Collected data entries:

lemma congruence_preserving_agree_by_leaf:
  assumes "congruence_preserving n f" "congruence_preserving n g" "length ts = n" "j < n"
    and "s1 \<noteq> s2" "s1 \<notin> labels (ts ! j)" "s2 \<notin> labels (ts ! j)"
    and "\<And>s. s \<notin> labels (ts ! j) \<Longrightarrow> f (ts[j := tree_leaf s]) = g (ts[j := tree_leaf s])"
  shows "f ts = g ts"
proof -
  let ?T = "Rep_bintree (ts ! j)"
  have agree: "subst_leaves s ?T (Rep_bintree (f ts)) = subst_leaves s ?T (Rep_bintree (g ts))"
    if "s \<notin> labels (ts ! j)" for s
    by (rule congruence_preserving_agree_mod_kernel[OF assms(1,2) star_compatible_subst_leaves
          assms(3,4) _ assms(8)[OF that]])
      (use that in \<open>simp add: labels_def subst_leaves_fresh Rep_tree_leaf subst_leaves_leaf\<close>)
  have "Rep_bintree (f ts) = Rep_bintree (g ts)"
    by (rule subst_leaves_two_letters_inj[OF assms(5), of ?T])
      (use assms(6,7) in \<open>simp_all add: is_bintree_Rep_bintree agree labels_def\<close>)
  then show ?thesis
    by (simp add: Rep_bintree_inject)
qed

lemma congruence_preserving_agree_if_agree_on_lighter:
  fixes f g :: "('a::finite) bintree list \<Rightarrow> 'a bintree"
  assumes "card (UNIV :: 'a set) \<ge> 3"
    and "congruence_preserving n f" "congruence_preserving n g" "length ts = n" "j < n"
    and "\<not> is_leaf (ts ! j)"
    and "\<And>x. weight x < weight (ts ! j) \<Longrightarrow> f (ts[j := x]) = g (ts[j := x])"
  shows "f ts = g ts"
proof (cases "card (labels (ts ! j)) \<le> 1")
  case True
  then have "\<not> card (UNIV - labels (ts ! j)) \<le> Suc 0"
    using assms(1) by (simp add: card_Diff_subset)
  then obtain s1 s2 where s12: "s1 \<notin> labels (ts ! j)" "s2 \<notin> labels (ts ! j)" "s1 \<noteq> s2"
    using card_le_Suc0_iff_eq[OF finite, of "UNIV - labels (ts ! j)"] by blast
  have "weight (tree_leaf s) < weight (ts ! j)" for s
    using assms(6) unfolding weight_def is_leaf_def by auto
  then have "f (ts[j := tree_leaf s]) = g (ts[j := tree_leaf s])" for s
    by (rule assms(7))
  then show ?thesis
    using congruence_preserving_agree_by_leaf[OF assms(2-5) s12(3,1,2)] by blast
next
  case False
  then obtain l1 l2 where l12: "l1 \<in> labels (ts ! j)" "l2 \<in> labels (ts ! j)" "l1 \<noteq> l2"
    using card_le_Suc0_iff_eq[OF finite, of "labels (ts ! j)"] unfolding One_nat_def by blast
  have "f (ts[j := delete_label l (ts ! j)]) = g (ts[j := delete_label l (ts ! j)])"
    if "l \<in> labels (ts ! j)" for l
    by (rule assms(7)) (rule weight_delete_label_less[OF assms(6) that])
  then show ?thesis
    using congruence_preserving_agree_by_deletion[OF assms(2-5) l12(3,1,2)] by blast
qed

lemma sum_list_map_update_less:
  fixes w :: "'b \<Rightarrow> nat"
  assumes "k < length xs" "w x < w (xs ! k)"
  shows "sum_list (map w (xs[k := x])) < sum_list (map w xs)"
proof -
  have "sum_list (map w (xs[k := x])) = sum_list (map w xs) + w x - w (xs ! k)"
    using assms(1) by (simp add: map_update sum_list_update)
  moreover have "w (xs ! k) \<le> sum_list (map w xs)"
    using assms(1) elem_le_sum_list[of k "map w xs"] by simp
  ultimately show ?thesis
    using assms(2) by linarith
qed

theorem mainTheorem5:
  fixes f g :: "('a::finite) bintree list \<Rightarrow> 'a bintree" and n :: nat
  assumes "card (UNIV :: 'a set) \<ge> 3"
    and "n \<ge> 1"
    and "congruence_preserving n f"
    and "congruence_preserving n g"
    and "\<forall>as :: 'a list. length as = n \<longrightarrow> f (map tree_leaf as) = g (map tree_leaf as)"
  shows "\<forall>ts. length ts = n \<longrightarrow> f ts = g ts"
proof (intro allI impI)
  fix ts :: "'a bintree list"
  assume "length ts = n"
  then show "f ts = g ts"
  proof (induction ts rule: measure_induct_rule[where f = "\<lambda>ts. sum_list (map weight ts)"])
    case (less ts)
    show ?case
    proof (cases "\<forall>x \<in> set ts. is_leaf x")
      case True
      then obtain as where "ts = map tree_leaf as"
        unfolding is_leaf_def ex_map_conv[symmetric] by blast
      then show ?thesis
        using assms(5) less.prems by simp
    next
      case False
      then obtain j where j: "j < length ts" "\<not> is_leaf (ts ! j)"
        by (auto simp: in_set_conv_nth)
      have "f (ts[j := x]) = g (ts[j := x])" if "weight x < weight (ts ! j)" for x
        using less sum_list_map_update_less[OF j(1) that] by simp
      then show ?thesis
        using congruence_preserving_agree_if_agree_on_lighter[OF assms(1,3,4) less.prems] j less.prems
        by simp
    qed
  qed
qed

What is being asked: The entries are to be repeated exactly, with nothing altered.

Result for this task:
lemma congruence_preserving_agree_by_leaf:
  assumes "congruence_preserving n f" "congruence_preserving n g" "length ts = n" "j < n"
    and "s1 \<noteq> s2" "s1 \<notin> labels (ts ! j)" "s2 \<notin> labels (ts ! j)"
    and "\<And>s. s \<notin> labels (ts ! j) \<Longrightarrow> f (ts[j := tree_leaf s]) = g (ts[j := tree_leaf s])"
  shows "f ts = g ts"
proof -
  let ?T = "Rep_bintree (ts ! j)"
  have agree: "subst_leaves s ?T (Rep_bintree (f ts)) = subst_leaves s ?T (Rep_bintree (g ts))"
    if "s \<notin> labels (ts ! j)" for s
    by (rule congruence_preserving_agree_mod_kernel[OF assms(1,2) star_compatible_subst_leaves
          assms(3,4) _ assms(8)[OF that]])
      (use that in \<open>simp add: labels_def subst_leaves_fresh Rep_tree_leaf subst_leaves_leaf\<close>)
  have "Rep_bintree (f ts) = Rep_bintree (g ts)"
    by (rule subst_leaves_two_letters_inj[OF assms(5), of ?T])
      (use assms(6,7) in \<open>simp_all add: is_bintree_Rep_bintree agree labels_def\<close>)
  then show ?thesis
    by (simp add: Rep_bintree_inject)
qed

lemma congruence_preserving_agree_if_agree_on_lighter:
  fixes f g :: "('a::finite) bintree list \<Rightarrow> 'a bintree"
  assumes "card (UNIV :: 'a set) \<ge> 3"
    and "congruence_preserving n f" "congruence_preserving n g" "length ts = n" "j < n"
    and "\<not> is_leaf (ts ! j)"
    and "\<And>x. weight x < weight (ts ! j) \<Longrightarrow> f (ts[j := x]) = g (ts[j := x])"
  shows "f ts = g ts"
proof (cases "card (labels (ts ! j)) \<le> 1")
  case True
  then have "\<not> card (UNIV - labels (ts ! j)) \<le> Suc 0"
    using assms(1) by (simp add: card_Diff_subset)
  then obtain s1 s2 where s12: "s1 \<notin> labels (ts ! j)" "s2 \<notin> labels (ts ! j)" "s1 \<noteq> s2"
    using card_le_Suc0_iff_eq[OF finite, of "UNIV - labels (ts ! j)"] by blast
  have "weight (tree_leaf s) < weight (ts ! j)" for s
    using assms(6) unfolding weight_def is_leaf_def by auto
  then have "f (ts[j := tree_leaf s]) = g (ts[j := tree_leaf s])" for s
    by (rule assms(7))
  then show ?thesis
    using congruence_preserving_agree_by_leaf[OF assms(2-5) s12(3,1,2)] by blast
next
  case False
  then obtain l1 l2 where l12: "l1 \<in> labels (ts ! j)" "l2 \<in> labels (ts ! j)" "l1 \<noteq> l2"
    using card_le_Suc0_iff_eq[OF finite, of "labels (ts ! j)"] unfolding One_nat_def by blast
  have "f (ts[j := delete_label l (ts ! j)]) = g (ts[j := delete_label l (ts ! j)])"
    if "l \<in> labels (ts ! j)" for l
    by (rule assms(7)) (rule weight_delete_label_less[OF assms(6) that])
  then show ?thesis
    using congruence_preserving_agree_by_deletion[OF assms(2-5) l12(3,1,2)] by blast
qed

lemma sum_list_map_update_less:
  fixes w :: "'b \<Rightarrow> nat"
  assumes "k < length xs" "w x < w (xs ! k)"
  shows "sum_list (map w (xs[k := x])) < sum_list (map w xs)"
proof -
  have "sum_list (map w (xs[k := x])) = sum_list (map w xs) + w x - w (xs ! k)"
    using assms(1) by (simp add: map_update sum_list_update)
  moreover have "w (xs ! k) \<le> sum_list (map w xs)"
    using assms(1) elem_le_sum_list[of k "map w xs"] by simp
  ultimately show ?thesis
    using assms(2) by linarith
qed

theorem mainTheorem5:
  fixes f g :: "('a::finite) bintree list \<Rightarrow> 'a bintree" and n :: nat
  assumes "card (UNIV :: 'a set) \<ge> 3"
    and "n \<ge> 1"
    and "congruence_preserving n f"
    and "congruence_preserving n g"
    and "\<forall>as :: 'a list. length as = n \<longrightarrow> f (map tree_leaf as) = g (map tree_leaf as)"
  shows "\<forall>ts. length ts = n \<longrightarrow> f ts = g ts"
proof (intro allI impI)
  fix ts :: "'a bintree list"
  assume "length ts = n"
  then show "f ts = g ts"
  proof (induction ts rule: measure_induct_rule[where f = "\<lambda>ts. sum_list (map weight ts)"])
    case (less ts)
    show ?case
    proof (cases "\<forall>x \<in> set ts. is_leaf x")
      case True
      then obtain as where "ts = map tree_leaf as"
        unfolding is_leaf_def ex_map_conv[symmetric] by blast
      then show ?thesis
        using assms(5) less.prems by simp
    next
      case False
      then obtain j where j: "j < length ts" "\<not> is_leaf (ts ! j)"
        by (auto simp: in_set_conv_nth)
      have "f (ts[j := x]) = g (ts[j := x])" if "weight x < weight (ts ! j)" for x
        using less sum_list_map_update_less[OF j(1) that] by simp
      then show ?thesis
        using congruence_preserving_agree_if_agree_on_lighter[OF assms(1,3,4) less.prems] j less.prems
        by simp
    qed
  qed
qed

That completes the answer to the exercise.